The Jicarilla War began in 1849 and was fought between the Jicarilla Apaches and the United States Army in the New Mexico Territory. Ute warriors also played a significant role in the conflict as they were allied with the Jicarillas. The war started when the Apaches and Utes began raiding against settlers on the Santa Fe Trail. Eventually, in 1853, the U.S. Army retaliated which resulted in a series of battles and campaigns that ended in 1854 when a large military expedition managed to quell most of the violence. However, some minor skirmishing continued into 1855.

==War==
Dolores Gunnerson argues that "the Jicarillas would have transferred their allegiance to the Americans and served them as faithfully as they had served the Spaniards if the Anglos had been willing to accept them as "friends" and allies." She further states that "the Jicarilla were at war with the United States for only a year and a half and spent nearly all that period eluding the troops rather than fighting."

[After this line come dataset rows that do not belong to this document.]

lemma sum_subsets_containing_card:
  fixes F :: "nat \<Rightarrow> 'b::comm_semiring_1"
  assumes "finite S" "x \<in> S"
  shows "(\<Sum>c | c \<subseteq> S \<and> x \<in> c. F (card c)) =
    (\<Sum>j\<le>card S - 1. of_nat ((card S - 1) choose j) * F (Suc j))"
proof -
  have "bij_betw (insert x) (Pow (S - {x})) {c. c \<subseteq> S \<and> x \<in> c}"
  proof (rule bij_betwI[where g = "\<lambda>c. c - {x}"])
    show "insert x \<in> Pow (S - {x}) \<rightarrow> {c. c \<subseteq> S \<and> x \<in> c}" using assms(2) by auto
  qed auto
  from sum.reindex_bij_betw[OF this, of "\<lambda>c. F (card c)"]
  have "(\<Sum>c | c \<subseteq> S \<and> x \<in> c. F (card c)) = (\<Sum>c\<in>Pow (S - {x}). F (card (insert x c)))"
    by simp
  also have "\<dots> = (\<Sum>c\<in>Pow (S - {x}). F (Suc (card c)))"
  proof (intro sum.cong refl)
    fix c assume "c \<in> Pow (S - {x})"
    then have "finite c" "x \<notin> c" using assms(1) finite_subset by auto
    then show "F (card (insert x c)) = F (Suc (card c))" by simp
  qed
  also have "\<dots> = (\<Sum>j\<le>card S - 1. of_nat ((card S - 1) choose j) * F (Suc j))"
    using sum_Pow_card[of "S - {x}" "\<lambda>j. F (Suc j)"] assms by simp
  finally show ?thesis .
qed

lemma of_nat_choose_mult_fact:
  assumes "k \<le> n"
  shows "of_nat (n choose k) * fact k * fact (n - k) = (fact n :: 'a::{comm_semiring_1,semiring_char_0})"
proof -
  have "of_nat (fact k * fact (n - k) * (n choose k)) = (of_nat (fact n) :: 'a)"
    using binomial_fact_lemma[OF assms] by (simp only:)
  then show ?thesis by (simp only: of_nat_mult of_nat_fact mult_ac)
qed

lemma fact_card_eq_sum_cyclic_perms:
  assumes "finite S" "x \<in> S"
  shows "fact (card S) = (\<Sum>c | c \<subseteq> S \<and> x \<in> c. card (cyclic_perms c) * fact (card S - card c))"
proof -
  have "fact (card S) = (\<Sum>\<sigma> | \<sigma> permutes S. 1::nat)"
    using card_permutations[OF refl assms(1)] by simp
  also have "\<dots> = (\<Sum>c | c \<subseteq> S \<and> x \<in> c. \<Sum>\<rho>\<in>cyclic_perms c. \<Sum>\<tau> | \<tau> permutes (S - c). 1)"
    by (rule sum_perms_orbit[OF assms])
  also have "\<dots> = (\<Sum>c | c \<subseteq> S \<and> x \<in> c. card (cyclic_perms c) * fact (card S - card c))"
  proof (intro sum.cong refl)
    fix c assume "c \<in> {c. c \<subseteq> S \<and> x \<in> c}"
    then have "c \<subseteq> S" "finite c" using assms(1) finite_subset by auto
    then have "card {\<tau>. \<tau> permutes (S - c)} = fact (card S - card c)"
      using assms(1) by (simp add: card_permutations card_Diff_subset)
    then show "(\<Sum>\<rho>\<in>cyclic_perms c. \<Sum>\<tau> | \<tau> permutes (S - c). 1) =
        card (cyclic_perms c) * fact (card S - card c)" by simp
  qed
  finally show ?thesis .
qed

lemma card_cyclic_perms:
  assumes "finite c" "c \<noteq> {}"
  shows "card (cyclic_perms c) = fact (card c - 1)"
  using assms
proof (induction "card c" arbitrary: c rule: less_induct)
  case less
  define n where "n = card c"
  obtain x where x: "x \<in> c" using less.prems by auto
  have n: "Suc (n - 1) = n" using less.prems by (simp add: n_def card_gt_0_iff)
  \<comment> \<open>By induction every proper subset through \<open>x\<close> contributes \<open>fact (j - 1) * fact (n - j)\<close>;
    these sum to \<open>(n - 1) * fact (n - 1)\<close>, which leaves \<open>fact (n - 1)\<close> for \<open>c\<close> itself.\<close>
  define F where "F j = (if j = n then card (cyclic_perms c) else fact (j - 1) * fact (n - j))" for j
  have "fact n = (\<Sum>d | d \<subseteq> c \<and> x \<in> d. card (cyclic_perms d) * fact (n - card d))"
    unfolding n_def by (rule fact_card_eq_sum_cyclic_perms[OF less.prems(1) x])
  also have "\<dots> = (\<Sum>d | d \<subseteq> c \<and> x \<in> d. F (card d))"
  proof (intro sum.cong refl)
    fix d assume d: "d \<in> {d. d \<subseteq> c \<and> x \<in> d}"
    then have "finite d" "d \<noteq> {}" using less.prems(1) finite_subset by auto
    moreover have "card d < n" if "d \<noteq> c"
      using d that less.prems(1) psubset_card_mono unfolding n_def by blast
    moreover have "card d \<le> n" using d less.prems(1) by (simp add: card_mono n_def)
    ultimately show "card (cyclic_perms d) * fact (n - card d) = F (card d)"
      using less.hyps[of d] by (cases "d = c") (auto simp: F_def n_def)
  qed
  also have "\<dots> = (\<Sum>j\<le>n - 1. ((n - 1) choose j) * F (Suc j))"
    unfolding n_def using sum_subsets_containing_card[OF less.prems(1) x, of F] by simp
  also have "\<dots> = card (cyclic_perms c) + (\<Sum>j<n - 1. fact (n - 1))"
  proof -
    have "{..n - 1} = insert (n - 1) {..<n - 1}" by auto
    moreover have "(\<Sum>j<n - 1. ((n - 1) choose j) * F (Suc j)) = (\<Sum>j<n - 1. fact (n - 1))"
      using binomial_fact_lemma[of _ "n - 1"] by (intro sum.cong refl) (auto simp: F_def mult_ac)
    ultimately show ?thesis using n by (simp add: F_def)
  qed
  finally have "fact n = card (cyclic_perms c) + (n - 1) * fact (n - 1)" by simp
  moreover have "fact n = fact (n - 1) + (n - 1) * fact (n - 1)" by (subst n[symmetric]) simp
  ultimately show ?case by (simp add: n_def)
qed

lemma sum_cyclic_perms_comp:
  fixes F :: "'a set set \<Rightarrow> 'b::comm_semiring_1"
  assumes "finite S" "c \<subseteq> S" "c \<noteq> {}"
  shows "(\<Sum>\<rho>\<in>cyclic_perms c. \<Sum>\<tau> | \<tau> permutes (S - c). F (orbits S (\<rho> \<circ> \<tau>))) =
    of_nat (fact (card c - 1)) * (\<Sum>\<tau> | \<tau> permutes (S - c). F (insert c (orbits (S - c) \<tau>)))"
proof -
  have "finite c" using assms finite_subset by auto
  have "(\<Sum>\<rho>\<in>cyclic_perms c. \<Sum>\<tau> | \<tau> permutes (S - c). F (orbits S (\<rho> \<circ> \<tau>))) =
      (\<Sum>\<rho>\<in>cyclic_perms c. \<Sum>\<tau> | \<tau> permutes (S - c). F (insert c (orbits (S - c) \<tau>)))"
    using assms by (intro sum.cong refl) (simp add: orbits_comp_cyclic_perm)
  then show ?thesis
    using card_cyclic_perms[OF \<open>finite c\<close> \<open>c \<noteq> {}\<close>] by simp
qed

lemma pochhammer_Suc_eq_sum_fact:
  fixes \<theta> :: "'a::field_char_0"
  shows "pochhammer \<theta> (Suc m) = \<theta> * fact m * (\<Sum>i\<le>m. pochhammer \<theta> i / fact i)"
proof (induction m)
  case (Suc m)
  have "\<theta> * fact (Suc m) * (\<Sum>i\<le>Suc m. pochhammer \<theta> i / fact i)
      = of_nat (Suc m) * (\<theta> * fact m * (\<Sum>i\<le>m. pochhammer \<theta> i / fact i)) + \<theta> * pochhammer \<theta> (Suc m)"
    by (simp add: field_simps del: of_nat_Suc)
  also have "\<dots> = pochhammer \<theta> (Suc (Suc m))"
    by (simp add: Suc.IH pochhammer_Suc[of \<theta> "Suc m"] algebra_simps)
  finally show ?case ..
qed simp

lemma pochhammer_Suc_eq_sum:
  fixes \<theta> :: "'a::field_char_0"
  shows "pochhammer \<theta> (Suc m) = \<theta> * (\<Sum>j\<le>m. of_nat (m choose j) * fact j * pochhammer \<theta> (m - j))"
proof -
  have "(\<Sum>j\<le>m. of_nat (m choose j) * fact j * pochhammer \<theta> (m - j)) =
      fact m * (\<Sum>j\<le>m. pochhammer \<theta> (m - j) / fact (m - j))"
    unfolding sum_distrib_left
    by (intro sum.cong refl) (simp add: of_nat_choose_mult_fact[symmetric] field_simps)
  also have "(\<Sum>j\<le>m. pochhammer \<theta> (m - j) / fact (m - j)) = (\<Sum>i\<le>m. pochhammer \<theta> i / fact i)"
    using sum.atLeastAtMost_rev[of "\<lambda>i. pochhammer \<theta> i / fact i" 0 m] by (simp add: atLeast0AtMost)
  finally show ?thesis by (simp add: pochhammer_Suc_eq_sum_fact mult_ac)
qed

The war began in 1849 when a wagon of settlers was killed by a band of Jicarillas and Utes. The event, sometimes referred to as the White massacre, received considerable publicity at the time and did much to prejudice the Anglo population against the tribe. A year later a group of 10 mail carriers were killed in what is called the Wagon Mound massacre. Various incidents in the next half decade continued to raise tensions between the Americans and the Jicarillas, leading both sides to increasingly mistrust the other until the winter of 1853 to 1854 when the Army began operations.

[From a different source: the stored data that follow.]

lemma splits_quartet_at_edge:
  assumes wf: "wf_graph T" and ac: "acyclic_graph T" and ab: "{a,b} \<in> edges T"
    and na: "nbrs T a = {b, p1, p2}" and p: "p1 \<notin> {a,b}" "p2 \<notin> {a,b}"
    and bq: "{b,q1} \<in> edges T" "{b,q2} \<in> edges T" and q: "q1 \<notin> {a,b}" "q2 \<notin> {a,b}"
    and l: "lab T x1 \<in> reach_from (edges_off T a b) p1" "lab T x2 \<in> reach_from (edges_off T a b) p2"
      "lab T x3 \<in> reach_from (edges_off T a b) q1" "lab T x4 \<in> reach_from (edges_off T a b) q2"
  shows "splits_quartet T x1 x2 x3 x4"
proof -
  let ?R = "reach_from (edges_off T a b)"
  let ?S = "?R p1 \<union> ?R p2 \<union> {a}"
  have ap: "{a,p1} \<in> edges T" "{a,p2} \<in> edges T" using na by (auto simp: nbrs_iff)
  have outside: "t \<notin> ?S" if t: "t \<in> ?R q" and q': "{b,q} \<in> edges T" "q \<notin> {a,b}" for t q
  proof -
    have "t \<notin> ?R p" if "p \<in> {p1,p2}" for p
    proof
      assume "t \<in> ?R p"
      then have "q \<in> ?R p" using reach_from_meet t by blast
      then show False using no_path_across_edge[OF wf ac ab _ q'(1)] that ap p by (auto simp: reach_from_def)
    qed
    then show ?thesis using reach_from_edges_off[OF t q'(2)] by blast
  qed
  show ?thesis unfolding splits_quartet_def
  proof (intro exI[of _ ?S] conjI)
    show "lab T x1 \<in> ?S" "lab T x2 \<in> ?S" using l(1,2) by simp_all
    show "lab T x3 \<notin> ?S" "lab T x4 \<notin> ?S"
      using outside[OF l(3) bq(1) q(1)] outside[OF l(4) bq(2) q(2)] .
    show "single_crossing (edges T) ?S" using single_crossing_side_at[OF wf ac ab na p] .
  qed
qed

lemma not_splits_quartet:
  assumes E0: "E0 \<subseteq> edges T"
    and e: "{p1,a} \<in> edges T" "{a,q1} \<in> edges T" "{p2,b} \<in> edges T" "{b,q2} \<in> edges T"
    and l: "m1 \<in> reach_from E0 p1" "n1 \<in> reach_from E0 q1" "m2 \<in> reach_from E0 p2" "n2 \<in> reach_from E0 q2"
    and disj: "(reach_from E0 p1 \<union> reach_from E0 q1 \<union> {a}) \<inter> (reach_from E0 p2 \<union> reach_from E0 q2 \<union> {b}) = {}"
    and S: "m1 \<in> S" "n1 \<notin> S" "m2 \<in> S" "n2 \<notin> S" "single_crossing (edges T) S"
  shows False
proof -
  have path: "(m, n) \<in> (adj {e \<in> edges T. e \<subseteq> reach_from E0 p \<union> reach_from E0 q \<union> {z}})\<^sup>*"
    if m: "m \<in> reach_from E0 p" and n: "n \<in> reach_from E0 q" and pz: "{p,z} \<in> edges T" and zq: "{z,q} \<in> edges T"
    for m n p q z
  proof -
    let ?E = "{e \<in> edges T. e \<subseteq> reach_from E0 p \<union> reach_from E0 q \<union> {z}}"
    have r1: "(p, m) \<in> (adj ?E)\<^sup>*"
    proof -
      have r: "(p,m) \<in> (adj {e \<in> E0. e \<subseteq> reach_from E0 p})\<^sup>*" using reach_restrict m by (simp add: reach_from_def)
      have sb: "{e \<in> E0. e \<subseteq> reach_from E0 p} \<subseteq> ?E" using E0 by auto
      show ?thesis using adj_mono[OF sb r] .
    qed
    have r2: "(q, n) \<in> (adj ?E)\<^sup>*"
    proof -
      have r: "(q,n) \<in> (adj {e \<in> E0. e \<subseteq> reach_from E0 q})\<^sup>*" using reach_restrict n by (simp add: reach_from_def)
      have sb: "{e \<in> E0. e \<subseteq> reach_from E0 q} \<subseteq> ?E" using E0 by auto
      show ?thesis using adj_mono[OF sb r] .
    qed
    have "{p,z} \<in> ?E" "{z,q} \<in> ?E" using pz zq reach_from_self by auto
    then have "(p,z) \<in> adj ?E" "(z,q) \<in> adj ?E" by auto
    then have "(p,q) \<in> (adj ?E)\<^sup>*" by (meson rtrancl.rtrancl_into_rtrancl r_into_rtrancl)
    then show ?thesis using adj_sym[OF r1] r2 by (meson rtrancl_trans)
  qed
  have P1: "(m1, n1) \<in> (adj {e \<in> edges T. e \<subseteq> reach_from E0 p1 \<union> reach_from E0 q1 \<union> {a}})\<^sup>*"
    using path[OF l(1) l(2) e(1) e(2)] .
  have P2: "(m2, n2) \<in> (adj {e \<in> edges T. e \<subseteq> reach_from E0 p2 \<union> reach_from E0 q2 \<union> {b}})\<^sup>*"
    using path[OF l(3) l(4) e(3) e(4)] .
  obtain r r' where c1: "{r,r'} \<in> edges T" "{r,r'} \<subseteq> reach_from E0 p1 \<union> reach_from E0 q1 \<union> {a}" "r \<in> S" "r' \<notin> S"
    using crossing_edge[OF P1 S(1,2)] by auto
  obtain t t' where c2: "{t,t'} \<in> edges T" "{t,t'} \<subseteq> reach_from E0 p2 \<union> reach_from E0 q2 \<union> {b}" "t \<in> S" "t' \<notin> S"
    using crossing_edge[OF P2 S(3,4)] by auto
  have "{r,r'} = {t,t'}" using S(5) c1 c2 unfolding single_crossing_def by blast
  then have "r \<in> reach_from E0 p2 \<union> reach_from E0 q2 \<union> {b}" using c2(2) by auto
  moreover have "r \<in> reach_from E0 p1 \<union> reach_from E0 q1 \<union> {a}" using c1(2) by auto
  ultimately show False using disj by blast
qed

lemma card_2_subset_of_4:
  fixes p q r s :: nat
  assumes d: "distinct [p,q,r,s]" and A: "A \<subseteq> {p,q,r,s}" and c: "card A = 2"
  shows "A = {p,q} \<or> A = {r,s} \<or> A = {p,r} \<or> A = {q,s} \<or> A = {p,s} \<or> A = {q,r}"
proof -
  obtain x y where xy: "A = {x,y}" "x \<noteq> y" using c by (meson card_2_iff)
  have "x \<in> {p,q,r,s}" "y \<in> {p,q,r,s}" using A xy by auto
  then show ?thesis using xy d by (auto simp: insert_commute)
qed

lemma xtree_of_connected_xforest:
  assumes F: "is_xforest X F" and c: "connected_graph F" and ne: "verts F \<noteq> {}"
  shows "is_xtree X F"
proof -
  have wf: "wf_graph F" using F by (rule xforest_wf)
  have lv: "lab F ` X \<subseteq> verts F" using F by (rule xforest_lab)
  let ?R = "{(u, v). u \<in> verts F \<and> v \<in> verts F \<and> (u, v) \<in> (adjrel F)\<^sup>*}"
  have Rx: "?R `` {x} = verts F" if "x \<in> verts F" for x
    using that c by (auto simp: connected_graph_def)
  have comp: "components F = {verts F}"
    unfolding components_def quotient_def using Rx ne by auto
  have ind: "induced F (verts F) = F"
  proof -
    have "{e \<in> edges F. e \<subseteq> verts F} = edges F" using wf by (auto simp: wf_graph_def)
    then show ?thesis by (simp add: induced_def)
  qed
  have blk: "{x \<in> X. lab F x \<in> verts F} = X" using lv by auto
  have "is_xtree {x \<in> X. lab F x \<in> verts F} (induced F (verts F))"
    using F comp unfolding is_xforest_def by blast
  then show ?thesis using blk ind by simp
qed

lemma binary_isom:
  assumes iso: "isom X H F f" and wH: "wf_graph H" and wF: "wf_graph F" and lH: "lab H ` X \<subseteq> verts H"
    and B: "binary X H"
  shows "binary X F"
  unfolding binary_def
proof
  fix t assume t: "t \<in> verts F"
  then obtain s where s: "s \<in> verts H" "t = f s" using isom_surj[OF iso] by (metis imageE)
  have "deg F t = deg H s" using isom_deg[OF iso wH wF s(1)] s(2) by simp
  moreover have "labels X F t = labels X H s" using isom_labels[OF iso lH s(1)] s(2) by simp
  ultimately show "(deg F t = 1 \<and> card (labels X F t) = 1) \<or> (deg F t = 3 \<and> labels X F t = {})"
    using B s(1) by (simp add: binary_def)
qed

lemma inCX_xiso:
  assumes H: "in_CX X H" and iso: "xiso X H F" and F: "is_xforest X F"
  shows "in_CX X F"
proof -
  have TH: "is_xtree X H" using H by (rule inCX_xtree)
  obtain f where f: "isom X H F f" using iso xiso_isom by blast
  have wH: "wf_graph H" using TH by (rule xtree_wf)
  have wF: "wf_graph F" using F by (rule xforest_wf)
  have c: "connected_graph F" using isom_connected[OF f wH xtree_connected[OF TH]] .
  have "verts H \<noteq> {}" using TH by (simp add: is_xtree_def is_tree_def)
  then have ne: "verts F \<noteq> {}" using isom_surj[OF f] by auto
  have TF: "is_xtree X F" using xtree_of_connected_xforest[OF F c ne] .
  have "binary X F" using binary_isom[OF f wH wF xtree_lab[OF TH] binary_of_inCX[OF H]] .
  then show ?thesis using inCX_of_binary[OF TF] by simp
qed

lemma covers_of_contract:
  assumes w: "is_xforest X w" and H: "is_xforest X H" and ab: "{a,b} \<in> edges H" "a \<noteq> b"
    and iso: "xiso X w (contract H a b)"
  shows "covers X w H"
  unfolding covers_def one_step_def using w H ab iso by blast


section \<open>Covers of the contraction of an internal edge\<close>

lemma internal_edge_sym: "internal_edge G u v \<Longrightarrow> internal_edge G v u"
  by (auto simp: internal_edge_def insert_commute)

lemma inCX_internal_nbrs:
  assumes C: "in_CX X C" and ie: "internal_edge C a b"
  obtains \<beta>1 \<beta>2 where "nbrs C a - {b} = {\<beta>1, \<beta>2}" "\<beta>1 \<noteq> \<beta>2"
proof -
  have wC: "wf_graph C" using C inCX_xtree xtree_wf by blast
  have ab: "{a,b} \<in> edges C" and a: "a \<notin> leaves C" using ie by (auto simp: internal_edge_def)
  have "deg C a = 3" using binary_of_inCX[OF C] a wf_edge2[OF wC ab] by (auto simp: binary_def leaves_def)
  then have "card (nbrs C a - {b}) = 2"
    using card_Diff_singleton_Suc[OF nbrs_finite[OF wC], of b a] ab deg_nbrs[OF wC] by (simp add: nbrs_iff)
  then show ?thesis using that by (meson card_2_iff)
qed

In February 1854 a government beef contractor employed by the government of New Mexico reported to the Army that several of his cattle had been stolen by the Jicarillas so in response, a troop of dragoons from the 2nd Dragoons were sent to retrieve the stolen property. On March 5, Lieutenant Bell encountered a group of warriors under Chief Lobo Blanco on the Canadian River. It was uncertain whether Lobo Blanco and his followers were responsible for the stolen property, but the Army had long suspected Lobo Blanco's band of killing white and Hispanic settlers. A battle ensued which left the chief and four of his warriors dead while the Americans lost two men. On the next day, the conflict escalated when a band of Jicarillas and Utes raided a herd of cattle near Fort Union, killing two herdsmen in the process. After that the U.S. Army 1st Dragoons launched an expedition into Apacheria. The first engagement was fought on March 30 when First Lieutenant John Davidson's launched an unauthorized attack on a Jicarilla village near the present day Pilar, New Mexico. In the subsequent Battle of Cieneguilla, sixty American cavalrymen fought an estimated 250 Apaches and Ute warriors under the war chief Flechas Rayadas. Fighting began at around 8:00 am and lasted for over three hours, by the end of which, 22 soldiers were killed and another 36 were wounded. Davidson's command was forced to retreat having inflicted about 20 deaths on the Native force.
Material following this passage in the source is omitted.